Studi baru dari Cornell University, Amerika Serikat, berjudul ”Produksi Ilmiah di Era Model Bahasa Besar”, yang diterbitkan di jurnal Science edisi Desember 2025, menunjukkan laporan informal itu mengindikasikan perubahan lebih luas cara para ilmuwan mempersiapkan manuskrip.
Para peneliti menemukan bahwa model bahasa besar atau large language models (LLMs) seperti ChatGPT bisa meningkatkan jumlah publikasi, dengan manfaat amat sangat besar terutama bagi para ilmuwan yang bukan penutur asli bahasa Inggris.
Namun, meningkatnya volume teks yang ditulis oleh akal imitasi atau kecerdasan buatan juga mempersulit para pengambil keputusan utama untuk membedakan karya yang bermakna dari konten kurang bernilai.
”Pola ini amat luas, di berbagai bidang ilmu pengetahuan, dari ilmu fisika dan komputer hingga ilmu biologi dan sosial,” kata Yian Yin, assistant professor Ilmu informasi di Cornell Ann S Bowers College of Computing and Information Science, Cornell University, dikutip dari Sciencedaily, Selasa (6/1/2026).
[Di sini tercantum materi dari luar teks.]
(* Let $j\geq1$ and $i\in\{0,1,\ldots,p-1\}$. Then there is an exact sequence of $E(2)_*$-comodules \[ 0\to\Sigma^{qpj}\underline{\ell}_j\otimes\underline{\ell}_i\to\underline{\ell}_{pj+i}\to Q^{pj-1}(A/\!/E(1))_*\to\bigoplus_{k=i+1}^{p-1}\Sigma^{\varphi(j,k)}\underline{\ell}_{j-1}\to0, \] where $\varphi(j,k)=q(p(j-1)+k)+|\overline{\tau}_2|=q(p(j-1)+k)+2p^2-1$. When $i=p-1$ the right-hand term is $0$, so that the sequence is a short exact sequence.
   Context: Let $p$ be an odd prime and $q=2(p-1)$. In the mod $p$ dual Steenrod algebra let $\zeta_n$ (degree $2(p^n-1)$) and $\overline{\tau}_n$ (degree $2p^n-1$) be the conjugates of Milnor's $\xi_n,\tau_n$. Let $(A/\!/E(1))_*=\mathbb{F}_p[\zeta_1,\zeta_2,\ldots]\otimes E(\overline{\tau}_2,\overline{\tau}_3,\ldots)$ and $(A/\!/E(2))_*=\mathbb{F}_p[\zeta_1,\ldots]\otimes E(\overline{\tau}_3,\ldots)$, comodule algebras over $E(2)_*=E(\overline{\tau}_0,\overline{\tau}_1,\overline{\tau}_2)$ (primitive generators) with coaction $\alpha(\zeta_k)=1\otimes\zeta_k$, $\alpha(\overline{\tau}_n)=1\otimes\overline{\tau}_n+\sum_{l=0}^{2}\overline{\tau}_l\otimes\zeta_{n-l}^{p^l}$ ($\zeta_0=1$). Weight: $\mathrm{wt}(\zeta_k)=\mathrm{wt}(\overline{\tau}_k)=p^k$, additive on products. $\underline{\ell}_j$ denotes the $E(2)_*$-subcomodule of $(A/\!/E(1))_*$ spanned by monomials of weight $\le pj$ (so $\underline{\ell}_i=\mathbb{F}_p\{1,\zeta_1,\ldots,\zeta_1^i\}$ for $i<p$); tensor products carry the diagonal coaction. Every monomial of $(A/\!/E(1))_*$ is uniquely $m\overline{\tau}_2^\epsilon$ with $m$ a monomial in $(A/\!/E(2))_*$; $F^j(A/\!/E(1))_*$ is the span of those with $\mathrm{wt}(m)\ge pj$ (a filtration by $E(2)_*$-subcomodules), and $Q^{r}(A/\!/E(1))_*=(A/\!/E(1))_*/F^{r+1}(A/\!/E(1))_*$. *)

theory Defs
  imports Main "HOL-Computational_Algebra.Primes"
begin

text \<open>
A based graded comodule over 'k: a set of basis elements, a degree for each basis
element, and the coaction alpha(b) = sum_S tau_S (x) bco S b, where S ranges over
subsets of {0,1,2}, tau_S is the product of the tau_l (l in S) in increasing order,
and bco S b is a finitely supported 'k-linear combination of basis elements.
\<close>

record ('b, 'k) bcomod =
  basis :: "'b set"
  bdeg  :: "'b \<Rightarrow> int"
  bco   :: "nat set \<Rightarrow> 'b \<Rightarrow> 'b \<Rightarrow> 'k"

definition vecs :: "('b, 'k::field) bcomod \<Rightarrow> ('b \<Rightarrow> 'k) set" where
  "vecs M = {v. (\<forall>b. v b \<noteq> 0 \<longrightarrow> b \<in> basis M) \<and> finite {b. v b \<noteq> 0}}"

definition homog :: "('b, 'k::field) bcomod \<Rightarrow> int \<Rightarrow> ('b \<Rightarrow> 'k) \<Rightarrow> bool" where
  "homog M d v \<longleftrightarrow> (\<forall>b. v b \<noteq> 0 \<longrightarrow> bdeg M b = d)"

definition lin_co :: "('b, 'k::field) bcomod \<Rightarrow> nat set \<Rightarrow> ('b \<Rightarrow> 'k) \<Rightarrow> ('b \<Rightarrow> 'k)" where
  "lin_co M S v = (\<lambda>c. \<Sum>b\<in>{b. v b \<noteq> 0}. v b * bco M S b c)"

definition comod_map :: "('a, 'k::field) bcomod \<Rightarrow> ('b, 'k) bcomod
    \<Rightarrow> (('a \<Rightarrow> 'k) \<Rightarrow> ('b \<Rightarrow> 'k)) \<Rightarrow> bool" where
  "comod_map M N f \<longleftrightarrow>
     (\<forall>v\<in>vecs M. f v \<in> vecs N) \<and>
     (\<forall>v\<in>vecs M. \<forall>w\<in>vecs M. f (\<lambda>x. v x + w x) = (\<lambda>y. f v y + f w y)) \<and>
     (\<forall>v\<in>vecs M. \<forall>c. f (\<lambda>x. c * v x) = (\<lambda>y. c * f v y)) \<and>
     (\<forall>v\<in>vecs M. \<forall>d. homog M d v \<longrightarrow> homog N d (f v)) \<and>
     (\<forall>S. S \<subseteq> {0,1,2} \<longrightarrow> (\<forall>v\<in>vecs M. f (lin_co M S v) = lin_co N S (f v)))"

definition exact4 ::
  "('a, 'k::field) bcomod \<Rightarrow> ('b, 'k) bcomod \<Rightarrow> ('c, 'k) bcomod \<Rightarrow> ('d, 'k) bcomod
   \<Rightarrow> (('a \<Rightarrow> 'k) \<Rightarrow> ('b \<Rightarrow> 'k)) \<Rightarrow> (('b \<Rightarrow> 'k) \<Rightarrow> ('c \<Rightarrow> 'k))
   \<Rightarrow> (('c \<Rightarrow> 'k) \<Rightarrow> ('d \<Rightarrow> 'k)) \<Rightarrow> bool" where
  "exact4 M1 M2 M3 M4 f g h \<longleftrightarrow>
     comod_map M1 M2 f \<and> comod_map M2 M3 g \<and> comod_map M3 M4 h \<and>
     inj_on f (vecs M1) \<and>
     f ` vecs M1 = {w \<in> vecs M2. g w = (\<lambda>_. 0)} \<and>
     g ` vecs M2 = {w \<in> vecs M3. h w = (\<lambda>_. 0)} \<and>
     h ` vecs M3 = vecs M4"

definition susp :: "int \<Rightarrow> ('b, 'k) bcomod \<Rightarrow> ('b, 'k) bcomod" where
  "susp n M = M\<lparr>bdeg := (\<lambda>b. bdeg M b + n)\<rparr>"

text \<open>Degree of tau_S (|tau_l| = 2p^l - 1) and the sign tau_S1 tau_S2 = sign * tau_(S1 u S2).\<close>
definition taudeg :: "nat \<Rightarrow> nat set \<Rightarrow> int" where
  "taudeg p S = (\<Sum>l\<in>S. 2 * int p ^ l - 1)"

definition osign :: "nat set \<Rightarrow> nat set \<Rightarrow> 'k::field" where
  "osign U V = (-1) ^ card {(u, v). u \<in> U \<and> v \<in> V \<and> v < u}"

text \<open>Tensor product with the diagonal coaction (Koszul sign convention):
  alpha(m (x) n) = sum (-1)^(|m_(0)| |n_(-1)|) m_(-1) n_(-1) (x) m_(0) (x) n_(0).\<close>
definition tensor :: "nat \<Rightarrow> ('a, 'k::field) bcomod \<Rightarrow> ('b, 'k) bcomod \<Rightarrow> ('a \<times> 'b, 'k) bcomod" where
  "tensor p M N =
     \<lparr> basis = basis M \<times> basis N,
       bdeg = (\<lambda>(a, b). bdeg M a + bdeg N b),
       bco = (\<lambda>S (a, b) (a', b').
          \<Sum>S1\<in>Pow S. osign S1 (S - S1)
             * (if even ((bdeg M a - taudeg p S1) * int (card (S - S1))) then 1 else -1)
             * bco M S1 a a' * bco N (S - S1) b b') \<rparr>"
Menurut Yian Yin, ada pergeseran besar ekosistem kita saat ini yang perlu dicermati dengan serius, terutama bagi mereka yang membuat keputusan mengenai ilmu pengetahuan apa yang harus kita dukung dan danai.
Untuk meneliti pengaruh LLMs pada penerbitan ilmiah, tim mengumpulkan lebih dari 2 juta makalah yang diposting pada Januari 2018-Juni 2024 di tiga platform pracetak utama.
Situs-situs tersebut adalah arXiv, bioRxiv, dan Social Science Research Network (SSRN), untuk mewakili ilmu fisika, ilmu hayati, dan ilmu sosial. Situs tersebut menampung studi yang belum melalui tinjauan sejawat.
Hasil riset ini menunjukkan peningkatan produktivitas terkait penggunaan LLMs. Di arXiv, para ilmuwan yang teridentifikasi memakai LLMs memublikasikan sekitar sepertiga lebih banyak makalah daripada mereka yang tampaknya tak memakai akal imitasi atau AI. Di bioRxiv dan SSRN, peningkatannya melebihi 50 persen.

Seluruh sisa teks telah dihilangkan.